Vandhiyadevan is one of the key characters of the novel Ponniyin Selvan. The author Kalki Krishnamurthy depicts him as a brave, adventurous and sarcastic warrior/prince, who later becomes the Commander for Southern Troops under the reign of Uttama Chola. He was a bodyguard and close friend of Aditha Karikalan in Kanchi who sends him as a messenger to Parantaka II in Thanjavur to invite him to the newly built golden palace in Kanchi and also as a trustful guard for Kundavai in Pazhayarai. His unplanned and hasteful acts put himself and others in danger but comes out of them by trickery and luck. He is the lover of Princess Kundavai. He is loved one-sidedly by Manimekalai, the sister of Kandamaran. The author introduces most of the characters to the audience through him.

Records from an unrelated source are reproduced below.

lemma exists_word_forcing_hole: "\<exists>v. set v \<subseteq> {..<m} \<and> forces_hole s v"
proof -
  \<comment> \<open>The first J digits of v steer the point to the centre of the hole, the last K keep the error below \<delta>.\<close>
  have m: "m > 0" "real m > 1" and L: "real_of_int L > 0" using m_ge_2 L_pos by simp_all
  define \<delta> where "\<delta> = (b - a) / 2"
  have \<delta>: "\<delta> > 0" using hole by (simp add: \<delta>_def)
  obtain J where "real_of_int L < real m ^ J" using real_arch_pow[OF m(2)] by blast
  then obtain \<theta> z where \<theta>: "0 \<le> \<theta>" "\<theta> < 1"
    and centre: "real m ^ J * (of_int s + of_int p * \<theta>) / of_int L = (a + b) / 2 + of_int z"
    by (rule exists_centre_preimage)
  obtain K where K: "\<bar>of_int p\<bar> / (of_int L * \<delta>) < real m ^ K" using real_arch_pow[OF m(2)] by blast
  obtain v where v: "length v = J + K" "set v \<subseteq> {..<m}" "\<theta> \<in> cylinder m v"
    using cylinder_cover[OF m(1) \<theta>] by blast
  define v1 where "v1 = take J v"
  define v2 where "v2 = drop J v"
  have "\<forall>g \<in> cylinder m v2. lands_in_hole (state_after s v1) g"
  proof
    fix g assume g: "g \<in> cylinder m v2"
    define \<psi> where "\<psi> = (of_int (word_value m v1) + g) / real m ^ J"
    have "\<psi> \<in> cylinder m v"
      using cylinder_append[OF m(1) g, of v1] v(1) by (simp add: \<psi>_def v1_def v2_def)
    then have "\<bar>\<psi> - \<theta>\<bar> \<le> 1 / real m ^ (J + K)"
      using cylinder_diameter v by metis
    define e where "e = real m ^ J * of_int p * (\<psi> - \<theta>) / of_int L"
    have "\<bar>e\<bar> = real m ^ J * \<bar>of_int p\<bar> * \<bar>\<psi> - \<theta>\<bar> / of_int L"
      using L by (simp add: e_def abs_mult)
    also have "\<dots> \<le> real m ^ J * \<bar>of_int p\<bar> * (1 / real m ^ (J + K)) / of_int L"
      using \<open>\<bar>\<psi> - \<theta>\<bar> \<le> _\<close> L by (intro divide_right_mono mult_left_mono) simp_all
    also have "\<dots> = \<bar>of_int p\<bar> / (of_int L * real m ^ K)"
      using m by (simp add: power_add field_simps)
    also have "\<dots> < \<delta>"
      using K L \<delta> m by (simp add: field_simps)
    finally have "(a + b) / 2 + e \<in> {a<..<b}"
      unfolding \<delta>_def by (simp add: field_simps) (simp add: abs_if split: if_splits)
    moreover have "state_after s v1 = int m ^ J * s + p * word_value m v1"
      using v(1) by (simp add: state_after_def v1_def)
    then have "(of_int (state_after s v1) + of_int p * g) / of_int L
        = real m ^ J * (of_int s + of_int p * \<theta>) / of_int L + e"
      using L m by (simp add: \<psi>_def e_def field_simps)
    then have "(of_int (state_after s v1) + of_int p * g) / of_int L = (a + b) / 2 + e + of_int z"
      unfolding centre by simp
    ultimately show "lands_in_hole (state_after s v1) g"
      using hole unfolding lands_in_hole_def by (simp add: frac_eq)
  qed
  then have "forces_hole s v"
    unfolding forces_hole_def by (intro exI[of _ v1] exI[of _ v2] exI[of _ "[]"]) (simp add: v1_def v2_def)
  with v show ?thesis by blast
qed

lemma exists_word_forcing_hole_everywhere:
  assumes "finite S"
  shows "\<exists>W. W \<noteq> [] \<and> set W \<subseteq> {..<m} \<and> (\<forall>s \<in> S. forces_hole s W)"
  using assms
proof (induction S rule: finite_induct)
  case empty
  show ?case using m_ge_2 by (intro exI[of _ "[0]"]) auto
next
  case (insert s S)
  then obtain W where W: "W \<noteq> []" "set W \<subseteq> {..<m}" "\<forall>s \<in> S. forces_hole s W" by blast
  obtain v where v: "set v \<subseteq> {..<m}" "forces_hole (state_after s W) v" using exists_word_forcing_hole by blast
  show ?case
    using W v forces_hole_append forces_hole_prepend by (intro exI[of _ "W @ v"]) auto
qed

lemma orbit_enters_hole:
  assumes "is_m_adic_expansion m d u" and "universal_expansion m d"
  shows "\<exists>n. frac (real m ^ n * ((of_int p * u + of_int c) / of_int L)) \<in> {a<..<b}"
proof -
  obtain W where W: "W \<noteq> []" "set W \<subseteq> {..<m}" "\<forall>s \<in> {0..<L}. forces_hole s W"
    using exists_word_forcing_hole_everywhere[of "{0..<L}"] by auto
  then obtain k where k: "\<forall>i < length W. d (k + i) = W ! i"
    using assms(2) unfolding universal_expansion_def by blast
  define S where "S = p * word_value m (map d [0..<k]) + int m ^ k * c"
  have "forces_hole S W" using W(3) L_pos forces_hole_mod by simp
  then obtain w1 w2 w3 where w: "W = w1 @ w2 @ w3" and forced: "\<forall>g \<in> cylinder m w2. lands_in_hole (state_after S w1) g"
    unfolding forces_hole_def by blast
  define n where "n = k + length w1"
  have "map d [k..<n] = w1"
    using k unfolding w n_def by (intro nth_equalityI) (auto simp: nth_append)
  then have prefix: "map d [0..<n] = map d [0..<k] @ w1"
    unfolding n_def by (simp only: upt_add_eq_append[OF le0] map_append)
  have "map d [n..<n + length w2] = w2"
  proof (rule nth_equalityI)
    fix i assume "i < length (map d [n..<n + length w2])"
    then have "d (k + (length w1 + i)) = W ! (length w1 + i)" using k w by simp
    then show "map d [n..<n + length w2] ! i = w2 ! i"
      using \<open>i < _\<close> by (simp add: w nth_append n_def add.assoc)
  qed simp
  then have "lands_in_hole (state_after S w1) (expansion_tail m d u n)"
    using forced expansion_tail_in_cylinder[OF m_ge_2 assms(1), of n "length w2"] by simp
  moreover have "(of_int (state_after S w1) + of_int p * expansion_tail m d u n) / of_int L
      = real m ^ n * ((of_int p * u + of_int c) / of_int L)"
  proof -
    have "state_after S w1 = p * word_value m (map d [0..<n]) + int m ^ n * c"
      unfolding prefix by (simp add: state_after_def S_def word_value_append n_def power_add algebra_simps)
    then show ?thesis
      by (simp add: expansion_tail_def add_divide_distrib algebra_simps)
  qed
  ultimately show ?thesis
    unfolding lands_in_hole_def by auto
qed

end

lemma times_m_mod1_iterate:
  assumes "0 \<le> x" and "x < 1"
  shows "(times_m_mod1 m ^^ n) x = frac (real m ^ n * x)"
proof (induction n)
  case 0
  then show ?case using assms by (simp add: frac_eq)
next
  case (Suc n)
  have "frac (real m * frac y) = frac (real m * y)" for y
    using frac_add_of_int_right[of "real m * y" "- (int m * \<lfloor>y\<rfloor>)"]
    by (simp add: frac_def algebra_simps)
  with Suc show ?case by (simp add: times_m_mod1_def mult.assoc)
qed

lemma rational_affine_image_not_survivor:
  assumes "m \<ge> 2" and "0 \<le> a" "a < b" "b \<le> 1"
    and "has_universal_expansion m u" and "r \<in> \<rat>" "r \<noteq> 0" "q \<in> \<rat>"
  shows "r * u + q \<notin> survivor_set m a b"
proof
  assume x: "r * u + q \<in> survivor_set m a b"
  obtain d where d: "is_m_adic_expansion m d u" "universal_expansion m d"
    using assms(5) unfolding has_universal_expansion_def by blast
  obtain p1 L1 :: int where L1: "L1 > 0" "r = of_int p1 / of_int L1"
    using Rats_cases'[OF assms(6)] by metis
  obtain c2 L2 :: int where L2: "L2 > 0" "q = of_int c2 / of_int L2"
    using Rats_cases'[OF assms(8)] by metis
  interpret rational_hole_dynamics m "p1 * L2" "L1 * L2" a b
    using assms(1-4,7) L1 L2 by unfold_locales auto
  have "r * u + q = (of_int (p1 * L2) * u + of_int (c2 * L1)) / of_int (L1 * L2)"
    using L1 L2 by (simp add: field_simps)
  then obtain n where "frac (real m ^ n * (r * u + q)) \<in> {a<..<b}"
    using orbit_enters_hole[OF d] by metis
  moreover have "(times_m_mod1 m ^^ n) (r * u + q) \<notin> {a<..<b}"
    using x unfolding survivor_set_def by blast
  ultimately show False
    using x times_m_mod1_iterate unfolding survivor_set_def by auto
qed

A life sized statue depicting Vallavaraiyan controlling a horse was erected in Chennai during the first tenure of Mr. Karunanidhi as Chief Minister, near Gemini Flyover in Mount Road as an honour to Vallavaraiyan. Interestingly, this also coincided with the banning of horse races by the government of Tamil Nadu.

Karthi portrayed a fictionalised version of Vandiyathevan in the 2022 Tamil film Ponniyin Selvan I and subsequent sequel Ponniyin Selvan II, a 2-part adaptation of Kalki's novel of the same name.